This is also bad because the risk of AI "inbreeding" is real. I have seen invisi...

sebzim4500 · on March 30, 2023

Worst case scenario they just start only training on pre-2020 data and then finetuning on a dataset which they somehow know to be 'clean'.

In practice though I doubt that AI contamination is actually a problem. Otherwise how would e.g. AlphaZero work so well (which is effectively only trained on its own data).

whimsicalism · on March 30, 2023

The parallels with AlphaZero are not so easy.

The problem is you need some sort of arbiter of who has "won" a conversation but if the arbiter is just another transformer emitting a score, the models will compete to match the incomplete picture of reasoning given by the arbiter.

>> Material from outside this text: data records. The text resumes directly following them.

lemma disj_mono:
  assumes "derivable n \<Sigma> (ImpC A A')" "derivable n \<Sigma> (ImpC B B')" "wf_hyps n \<Sigma>"
  shows "derivable n \<Sigma> (ImpC (disj n A B) (disj n A' B'))"
proof -
  let ?\<Sigma> = "insert (disj n A B) \<Sigma>"
  have wf: "wf n A" "wf n A'" "wf n B" "wf n B'"
    using derivable_wf[OF assms(1,3)] derivable_wf[OF assms(2,3)] by simp_all
  then have hyps: "wf_hyps n ?\<Sigma>"
    using assms(3) by simp
  have "derivable n (insert A ?\<Sigma>) (disj n A' B')"
    using der_disjI1[OF derivable_mp[OF derivable_insert[OF derivable_insert[OF assms(1)]]]] hyps wf
    by (simp add: derivable_inserted)
  moreover have "derivable n (insert B ?\<Sigma>) (disj n A' B')"
    using der_disjI2[OF derivable_mp[OF derivable_insert[OF derivable_insert[OF assms(2)]]]] hyps wf
    by (simp add: derivable_inserted)
  ultimately show ?thesis
    using deduction[OF der_disjE[OF derivable_inserted]] hyps assms(3) wf by simp
qed

lemma negation_laws_id:
  assumes "wf_hyps n \<Sigma>" "wf n \<phi>" "wf n \<psi>"
  shows "negation_laws n \<Sigma> id \<phi> \<psi>"
proof -
  let ?\<Sigma> = "insert (conj n \<phi> \<psi>) \<Sigma>"
  have "derivable n ?\<Sigma> (disj n \<phi> \<psi>)"
    using der_disjI1[OF der_conjE1[OF derivable_inserted]] assms by simp
  then have "derivable n \<Sigma> (ImpC (conj n \<phi> \<psi>) (disj n \<phi> \<psi>))"
    using deduction assms by simp
  then show ?thesis
    unfolding negation_laws_def using imp_refl assms by simp
qed

lemma conj_snegs_imp_sneg_conj:
  assumes hyps: "wf_hyps n \<Sigma>" and wf: "wf n \<phi>" "wf n \<psi>"
  shows "derivable n \<Sigma> (ImpC (conj n (sneg n \<phi>) (sneg n \<psi>)) (sneg n (conj n \<phi> \<psi>)))"
proof -
  let ?\<Sigma> = "insert (conj n (sneg n \<phi>) (sneg n \<psi>)) \<Sigma>"
  have hyps': "wf_hyps n ?\<Sigma>"
    using hyps wf by simp
  have not_\<phi>: "derivable n ?\<Sigma> (sneg n \<phi>)"
    using der_conjE1[OF derivable_inserted hyps'] .
  have "derivable n ?\<Sigma> (sneg n (conj n \<phi> \<psi>))"
    using neg_intro[OF der_conjE1[OF derivable_inserted] derivable_insert[OF not_\<phi>]] hyps' wf by simp
  then show ?thesis
    using deduction hyps wf by simp
qed

lemma conj_snegs_imp_sneg_disj:
  assumes hyps: "wf_hyps n \<Sigma>" and wf: "wf n \<phi>" "wf n \<psi>"
  shows "derivable n \<Sigma> (ImpC (conj n (sneg n \<phi>) (sneg n \<psi>)) (sneg n (disj n \<phi> \<psi>)))"
proof -
  let ?\<Sigma> = "insert (conj n (sneg n \<phi>) (sneg n \<psi>)) \<Sigma>"
  let ?\<Delta> = "insert (disj n \<phi> \<psi>) ?\<Sigma>"
  have hyps': "wf_hyps n ?\<Sigma>" and hyps'': "wf_hyps n ?\<Delta>"
    using hyps wf by simp_all
  have not_\<phi>: "derivable n ?\<Sigma> (sneg n \<phi>)" and not_\<psi>: "derivable n ?\<Sigma> (sneg n \<psi>)"
    using der_conjE1[OF derivable_inserted hyps'] der_conjE2[OF derivable_inserted hyps'] .
  have "derivable n (insert \<psi> ?\<Delta>) \<phi>"
    using ex_falso[OF derivable_inserted derivable_insert[OF derivable_insert[OF not_\<psi>]]] hyps'' wf
    by simp
  then have "derivable n ?\<Delta> \<phi>"
    using der_disjE[OF derivable_inserted derivable_inserted _ hyps''] by blast
  then have "derivable n ?\<Sigma> (sneg n (disj n \<phi> \<psi>))"
    using neg_intro[OF _ derivable_insert[OF not_\<phi>] hyps'] wf by simp
  then show ?thesis
    using deduction hyps wf by simp
qed

lemma sneg_disj_imp_disj_snegs:
  assumes hyps: "wf_hyps n \<Sigma>" and wf: "wf n \<phi>" "wf n \<psi>"
  shows "derivable n \<Sigma> (ImpC (sneg n (disj n \<phi> \<psi>)) (disj n (sneg n \<phi>) (sneg n \<psi>)))"
proof -
  let ?\<Sigma> = "insert (sneg n (disj n \<phi> \<psi>)) \<Sigma>"
  have hyps': "wf_hyps n ?\<Sigma>"
    using hyps wf by simp
  have "derivable n ?\<Sigma> (sneg n \<psi>)"
    using neg_intro[OF der_disjI2[OF derivable_inserted] derivable_insert[OF derivable_inserted]] hyps' wf
    by simp
  then have "derivable n ?\<Sigma> (disj n (sneg n \<phi>) (sneg n \<psi>))"
    using der_disjI2 hyps' wf by simp
  then show ?thesis
    using deduction hyps wf by simp
qed

lemma sneg_conj_imp_disj_snegs:
  assumes hyps: "wf_hyps n \<Sigma>" and wf: "wf n \<phi>" "wf n \<psi>"
  shows "derivable n \<Sigma> (ImpC (sneg n (conj n \<phi> \<psi>)) (disj n (sneg n \<phi>) (sneg n \<psi>)))"
proof -
  let ?\<Sigma> = "insert (sneg n (sneg n \<phi>)) (insert (sneg n (conj n \<phi> \<psi>)) \<Sigma>)"
  have hyps': "wf_hyps n ?\<Sigma>"
    using hyps wf by simp
  have "derivable n ?\<Sigma> \<phi>"
    using double_neg_elim[OF derivable_inserted hyps'] .
  then have "derivable n ?\<Sigma> (sneg n \<psi>)"
    using neg_intro[OF der_conjI[OF derivable_insert derivable_inserted]
        derivable_insert[OF derivable_insert[OF derivable_inserted]]] hyps' wf
    by simp
  then show ?thesis
    unfolding disj_def using deduction[OF deduction] hyps wf by simp
qed
lemma exp_le_bernstein_nonneg:
  fixes u :: real
  assumes "0 \<le> u" "u < 3"
  shows "exp u \<le> 1 + u + u\<^sup>2 / (2 * (1 - u / 3))"
proof -
  have "(\<lambda>n. u ^ n / fact n) sums exp u"
    using exp_converges[of u] by (simp add: divide_inverse mult.commute)
  then have tail: "(\<lambda>n. u ^ (n + 2) / fact (n + 2)) sums (exp u - (\<Sum>n<2. u ^ n / fact n))"
    by (subst sums_iff_shift) simp
  have geometric: "(\<lambda>n. u\<^sup>2 / 2 * (u / 3) ^ n) sums (u\<^sup>2 / 2 * (1 / (1 - u / 3)))"
    using assms by (intro sums_mult geometric_sums) auto
  have "exp u - (\<Sum>n<2. u ^ n / fact n) \<le> u\<^sup>2 / 2 * (1 / (1 - u / 3))"
  proof (rule sums_le[OF _ tail geometric])
    fix n
    have "u ^ (n + 2) / fact (n + 2) \<le> u ^ (n + 2) / (2 * 3 ^ n)"
      using assms by (intro divide_left_mono two_mult_three_power_le_fact) auto
    also have "\<dots> = u\<^sup>2 / 2 * (u / 3) ^ n"
      by (simp add: power_add power_divide power2_eq_square)
    finally show "u ^ (n + 2) / fact (n + 2) \<le> u\<^sup>2 / 2 * (u / 3) ^ n" .
  qed
  then show ?thesis
    by (simp add: eval_nat_numeral)
qed

lemma exp_le_quadratic_nonpos:
  fixes u :: real
  assumes "u \<le> 0"
  shows "exp u \<le> 1 + u + u\<^sup>2 / 2"
proof (cases "u = 0")
  case True
  then show ?thesis by simp
next
  case False
  then obtain \<xi> where \<xi>: "exp u = (\<Sum>m<3. u ^ m / fact m) + exp \<xi> / fact 3 * u ^ 3"
    using Maclaurin_exp_lt[of u 3] by auto
  have "u ^ 3 \<le> 0"
    using assms by (simp add: power3_eq_cube mult_nonneg_nonpos)
  then have "exp \<xi> / fact 3 * u ^ 3 \<le> 0"
    by (intro mult_nonneg_nonpos) auto
  with \<xi> show ?thesis
    by (simp add: eval_nat_numeral)
qed

lemma exp_le_bernstein:
  fixes u e :: real
  assumes "u \<le> e" "0 \<le> e" "e < 3"
  shows "exp u \<le> 1 + u + u\<^sup>2 / (2 * (1 - e / 3))"
proof (cases "u \<le> 0")
  case True
  have "u\<^sup>2 / 2 \<le> u\<^sup>2 / (2 * (1 - e / 3))"
    using assms by (intro divide_left_mono) auto
  with exp_le_quadratic_nonpos[OF True] show ?thesis
    by linarith
next
  case False
  then have "exp u \<le> 1 + u + u\<^sup>2 / (2 * (1 - u / 3))"
    using assms by (intro exp_le_bernstein_nonneg) auto
  also have "u\<^sup>2 / (2 * (1 - u / 3)) \<le> u\<^sup>2 / (2 * (1 - e / 3))"
    using assms False by (intro divide_left_mono) auto
  finally show ?thesis
    by simp
qed

locale prob_vector =
  fixes A :: "'a set" and w :: "'a \<Rightarrow> real"
  assumes finite_domain [simp]: "finite A"
    and nonneg: "k \<in> A \<Longrightarrow> 0 \<le> w k"
    and sum_eq_1: "sum w A = 1"
begin

definition mean :: "('a \<Rightarrow> real) \<Rightarrow> real" where
  "mean x = (\<Sum>k\<in>A. w k * x k)"

definition variance :: "('a \<Rightarrow> real) \<Rightarrow> real" where
  "variance x = mean (\<lambda>k. (x k - mean x)\<^sup>2)"

definition mix_gap_at :: "real \<Rightarrow> ('a \<Rightarrow> real) \<Rightarrow> real" where
  "mix_gap_at e x = mean x + ln (mean (\<lambda>k. exp (- e * x k))) / e"

lemma mean_const [simp]: "mean (\<lambda>_. c) = c"
  by (simp add: mean_def sum_eq_1 flip: sum_distrib_right)
theorem trivial_split_class_imp_cocycle:
  fixes \<rho> :: "'g \<Rightarrow> 'e::banach \<Rightarrow> 'e"
  assumes "banach_module G \<rho>" and "finite_dimensional_space TYPE('e)" and "B \<noteq> {\<one>}"
    and "x\<^sub>0 \<in> A" and "x\<^sub>0 \<otimes> x\<^sub>0 \<noteq> \<one>" and "alternating G A \<rho> f"
    and "cob1 G \<rho> (split_quasicocycle G A B \<rho> f (\<lambda>_. 0)) \<in> bounded_coboundaries2 G \<rho>"
  shows "cocycle G A \<rho> f"
proof -
  obtain b where b: "b \<in> B - {\<one>}"
    using \<open>B \<noteq> {\<one>}\<close> subgroup.one_closed[OF subgroup_B] by blast
  then obtain Z where Z: "cocycle G (carrier G) \<rho> Z" and "\<And>x. x \<in> A - {\<one>} \<Longrightarrow> Z (x \<otimes> b) = f x"
    using trivial_split_class_imp_cocycle_through_letters assms(1,2,7) by metis
  then have "f x = Z x" if "x \<in> A" for x
    using alternating_eq_cocycle_through_letters[OF is_group assms(1) subgroup_A Z assms(6)] b
      B_subset_carrier assms(4,5) that by blast
  with Z show ?thesis
    using A_subset_carrier subgroup.m_closed[OF subgroup_A] unfolding cocycle_def by (simp add: subset_iff)
qed

theorem split_classes_infinite_dimensional:
  fixes \<rho> :: "'g \<Rightarrow> 'e::banach \<Rightarrow> 'e" and v :: 'e
  assumes "B \<noteq> {\<one>}" and "a \<in> A" and "infinite_order G a"
    and "banach_module G \<rho>" and "finite_dimensional_space TYPE('e)" and "v \<noteq> 0"
  shows "infinite_dimensional_in_H2b G \<rho> (split_cocycles G A B \<rho>)"
proof -
  have a: "a \<in> carrier G" "ord a = 0"
    using assms(2,3) A_subset_carrier ord_eq_0 unfolding infinite_order_def by auto
  define f where "f i = bump G \<rho> (a [^] (6 * int i + 1)) v" for i
  have square_ne_one: "a [^] (6 * int i + 1) \<otimes> a [^] (6 * int i + 1) \<noteq> \<one>" for i
    using int_pow_eq_iff_ord_0[OF a, of "2 * (6 * int i + 1)" 0] a by (simp add: int_pow_mult[symmetric])
  then have f: "alt_quasicocycle G A \<rho> (f i)" for i
    unfolding f_def using subgroup_int_pow_closed[OF subgroup_A \<open>a \<in> A\<close>]
    by (intro bump_alt_quasicocycle[OF is_group assms(4) subgroup_A])
  let ?split_class = "\<lambda>f. cob1 G \<rho> (split_quasicocycle G A B \<rho> f (\<lambda>_. 0))"
  have split_classes: "\<forall>i<n. ?split_class (f i) \<in> split_cocycles G A B \<rho>" for n
    unfolding split_cocycles_def using f zero_alt_quasicocycle[OF assms(4) B_subset_carrier] by blast
  have independent: "\<forall>i<n. c i = 0"
    if "(\<lambda>x. \<Sum>i<n. c i *\<^sub>R ?split_class (f i) x) \<in> bounded_coboundaries2 G \<rho>" for n c
  proof -
    have "?split_class (\<lambda>g. \<Sum>i<n. c i *\<^sub>R f i g) \<in> bounded_coboundaries2 G \<rho>"
      using that split_quasicocycle_linear_combination[OF assms(4), where I = "{..<n}" and c = c and fA = f
          and fB = "\<lambda>_ _. 0"]
      by (elim bounded_coboundaries2_cong, intro cob1_linear_combination[OF assms(4)]) simp_all
    then have "cocycle G A \<rho> (\<lambda>g. \<Sum>i<n. c i *\<^sub>R f i g)"
      using f A_subset_carrier \<open>a \<in> A\<close> square_ne_one[of 0]
      by (intro trivial_split_class_imp_cocycle[OF assms(4,5,1)]
          alternating_linear_combination[OF assms(4)]) (auto simp: alt_quasicocycle_def)
    then show ?thesis
      unfolding f_def using bump_combination_not_cocycle[OF assms(4) subgroup_A \<open>a \<in> A\<close> a(2) \<open>v \<noteq> 0\<close>]
      by blast
  qed
  show ?thesis
    unfolding infinite_dimensional_in_H2b_def
  proof (rule allI, rule exI[of _ "\<lambda>i. ?split_class (f i)"], rule conjI)
    fix n
    show "\<forall>i<n. ?split_class (f i) \<in> split_cocycles G A B \<rho>"
      by (rule split_classes)
    show "\<forall>c. (\<lambda>x. \<Sum>i<n. c i *\<^sub>R ?split_class (f i) x) \<in> bounded_coboundaries2 G \<rho> \<longrightarrow> (\<forall>i<n. c i = 0)"
      using independent by blast
  qed
qed
lemma RegIneq_irredundant:
  fixes \<alpha> :: "'n::finite \<Rightarrow> nat"
  assumes p: "p \<ge> 2" and \<alpha>: "\<alpha> \<in> regular_vectors lam e" "lam \<in> {1..min e (CARD('n) - 1)}"
  shows "polyh p e (ineq_list e) \<subset> polyh p e (ineq_list e - {RegIneq lam \<alpha>})"
proof -
  define E where "E = {T :: 'n set. card T = lam}"
  have "lam \<le> card (UNIV :: 'n set)" using \<alpha>(2) by auto
  then obtain T0 :: "'n set" where "card T0 = lam" by (rule obtain_subset_with_card_n)
  then have E: "finite E" "E \<noteq> {}" unfolding E_def by auto
  have vertices: "tight_composition e \<alpha> ` E \<subseteq> weak_compositions e"
    using tight_composition_in_weak_compositions[OF \<alpha>] unfolding E_def by blast
  define z where "z = centroid p (tight_composition e \<alpha>) E"
  define s where "s = 1 / real (card E)"
  define B where "B = real CARD('n) * real p ^ (2 * e)"
  define \<delta> where "\<delta> = s / (B + s)"
  have "0 < s" "0 \<le> B" using E unfolding s_def B_def by (simp_all add: card_gt_0_iff)
  then have \<delta>: "0 < \<delta>" "\<delta> \<le> 1" "\<delta> * (B + s) = s" unfolding \<delta>_def by simp_all
  let ?y = "(1 - \<delta>) *\<^sub>R z + \<delta> *\<^sub>R (\<chi> i. 1)"
  show ?thesis
  proof (rule polyh_psubset_remove)
    show "?y \<in> polyh p e (ineq_list e - {RegIneq lam \<alpha>})"
    proof (rule shrink_toward_ones_in_polyh)
      show "z \<in> polyh p e (ineq_list e)" unfolding z_def by (rule centroid_in_polyh[OF p E vertices])
      fix lam' \<alpha>' assume "RegIneq lam' \<alpha>' \<in> ineq_list e - {RegIneq lam \<alpha>}"
      then have \<alpha>': "\<alpha>' \<in> regular_vectors lam' e" "lam' \<in> {1..min e (CARD('n) - 1)}"
        and "lam' \<noteq> lam \<or> \<alpha>' \<noteq> \<alpha>" by auto
      then obtain T where "T \<in> E" "reg_value p \<alpha>' (tight_composition e \<alpha> T) \<noteq> reg_bound p e lam' \<alpha>'"
        using regular_ineq_determined_by_tight_compositions[OF p \<alpha> \<alpha>'] unfolding E_def by blast
      then show "real_of_int (reg_bound p e lam' \<alpha>') + s \<le> (\<Sum>i\<in>UNIV. real p ^ \<alpha>' i * z $ i)"
        using centroid_reg_slack[OF p E(1) vertices \<alpha>'] unfolding z_def s_def by blast
    qed (use p \<delta> \<open>0 < s\<close> in \<open>auto simp: B_def\<close>)
    have "(\<Sum>i\<in>UNIV. real p ^ \<alpha> i * z $ i) = real_of_int (reg_bound p e lam \<alpha>)"
      using E reg_value_tight_composition[OF \<alpha>] unfolding z_def centroid_reg_value E_def by simp
    then have "(\<Sum>i\<in>UNIV. real p ^ \<alpha> i * ?y $ i)
        = real_of_int (reg_bound p e lam \<alpha>) - \<delta> * (real_of_int (reg_bound p e lam \<alpha>) - (\<Sum>i\<in>UNIV. real p ^ \<alpha> i))"
      unfolding sum_mult_shrink_toward_ones by (simp add: algebra_simps)
    moreover have "0 < \<delta> * (real_of_int (reg_bound p e lam \<alpha>) - (\<Sum>i\<in>UNIV. real p ^ \<alpha> i))"
      using sum_powers_less_reg_bound[OF p \<alpha>] \<delta>(1) by simp
    ultimately show "\<not> holds p e (RegIneq lam \<alpha>) ?y" unfolding holds_RegIneq by linarith
  qed (use \<alpha> in simp)
qed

sebzim4500 · on April 1, 2023

We have that though, just train on the buzzfeed articles that get the most attention or the tweets that get the most likes, etc.

brucethemoose2 · on March 30, 2023

It could degrade the model in a way that avoids the metrics they use for gauging quality.

The distortions that showed up in ESRGAN (for instance) didnt seem to effect the SSIM or anything (and in fact it was training with MS SSIM loss), but the "noise splotches" and "swirlies" as I call them were noticable in some of the output, but you have to go back and look really hard at the initial dataset to spot what it was picking up. Sometimes, even after cleaning, it felt like what it was picking up on was completely invisible.

TLDR Google may not even notice the inbreeding until its already a large issue, and they may be reluctant to scrap so much work on the model.